# Town mulls recommending guns for all



## CJIS (Mar 12, 2005)

Town mulls recommending guns for all 
By Jon Hurdle Thu Dec 7, 11:10 AM ET

PHILADELPHIA (Reuters) - A tiny town in western Pennsylvania could ask all of its residents to own guns, if a proposal under consideration on Wednesday wins approval from local officials. 
Under the proposed law, residents of Cherry Tree, Pennsylvania, would be asked to own guns and know how to use them. Cherry Tree, some 70 miles northeast of Pittsburgh, has about 400 residents.

The town council was scheduled to vote on the proposed "Civil Protection Ordinance" on Wednesday evening.

Introduced last month by resident Henry Statkowski, the measure recommends that "all heads of households maintain a firearm along with ammunition."

In written comments, Statkowski said homeowners have a right and a responsibility to defend against intruders rather than calling police and waiting for help to arrive.

The measure would send a message to "burglars, ne'er-do-wells and other criminal elements," Statkowski wrote.

The male head of the household has the responsibility to defend the family from intruders, he also wrote.

"I don't believe your wife would appreciate it very much if you said, 'Honey, I'll wait until the police arrive and have them defend your life,'" he wrote.
Statkowski could not be reached for comment.

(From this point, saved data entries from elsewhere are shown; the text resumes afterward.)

lemma well_ordered_set_image:
  fixes q :: "'a::linorder \<Rightarrow> 'b::linorder"
  assumes "strict_mono_on S q" and "well_ordered_set S"
  shows "well_ordered_set (q ` S)"
  unfolding well_ordered_set_def
proof (intro allI impI)
  fix T assume T: "T \<subseteq> q ` S" "T \<noteq> {}"
  then have "S \<inter> q -` T \<noteq> {}" by blast
  then obtain m where m: "m \<in> S \<inter> q -` T" "\<forall>x\<in>S \<inter> q -` T. m \<le> x"
    using assms(2) unfolding well_ordered_set_def by (meson Int_lower1)
  have "q m \<le> x" if "x \<in> T" for x
    using that T(1) m assms(1) by (auto intro: strict_mono_on_leD)
  then show "\<exists>m\<in>T. \<forall>x\<in>T. m \<le> x" using m by blast
qed

lemma card_le_image:
  assumes "card_le S D"
  shows "card_le (q ` S) D"
proof -
  obtain g where g: "inj_on g S" "g ` S \<subseteq> D"
    using assms unfolding card_le_def by blast
  have "inj_on (g \<circ> inv_into S q) (q ` S)"
    using g(1) by (auto intro!: comp_inj_on inj_on_inv_into inj_on_subset[of g S] inv_into_into)
  moreover have "(g \<circ> inv_into S q) ` (q ` S) \<subseteq> D"
    using g(2) by (auto simp: image_subset_iff inv_into_into)
  ultimately show ?thesis unfolding card_le_def by blast
qed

Chad Ramsey, a spokesman for the national gun-control group the Brady Campaign, dismissed the proposal as "ridiculously silly."

The measure was unlikely to pass because state law prevents municipalities from making their own gun laws, Ramsey said. He said about 40 percent of Pennsylvania households own guns.

Aaron Fry, owner of the Cherry Tree Cafe, said he did not understand why the measure was necessary because guns are common. "Every house has a couple of guns," he said.


----------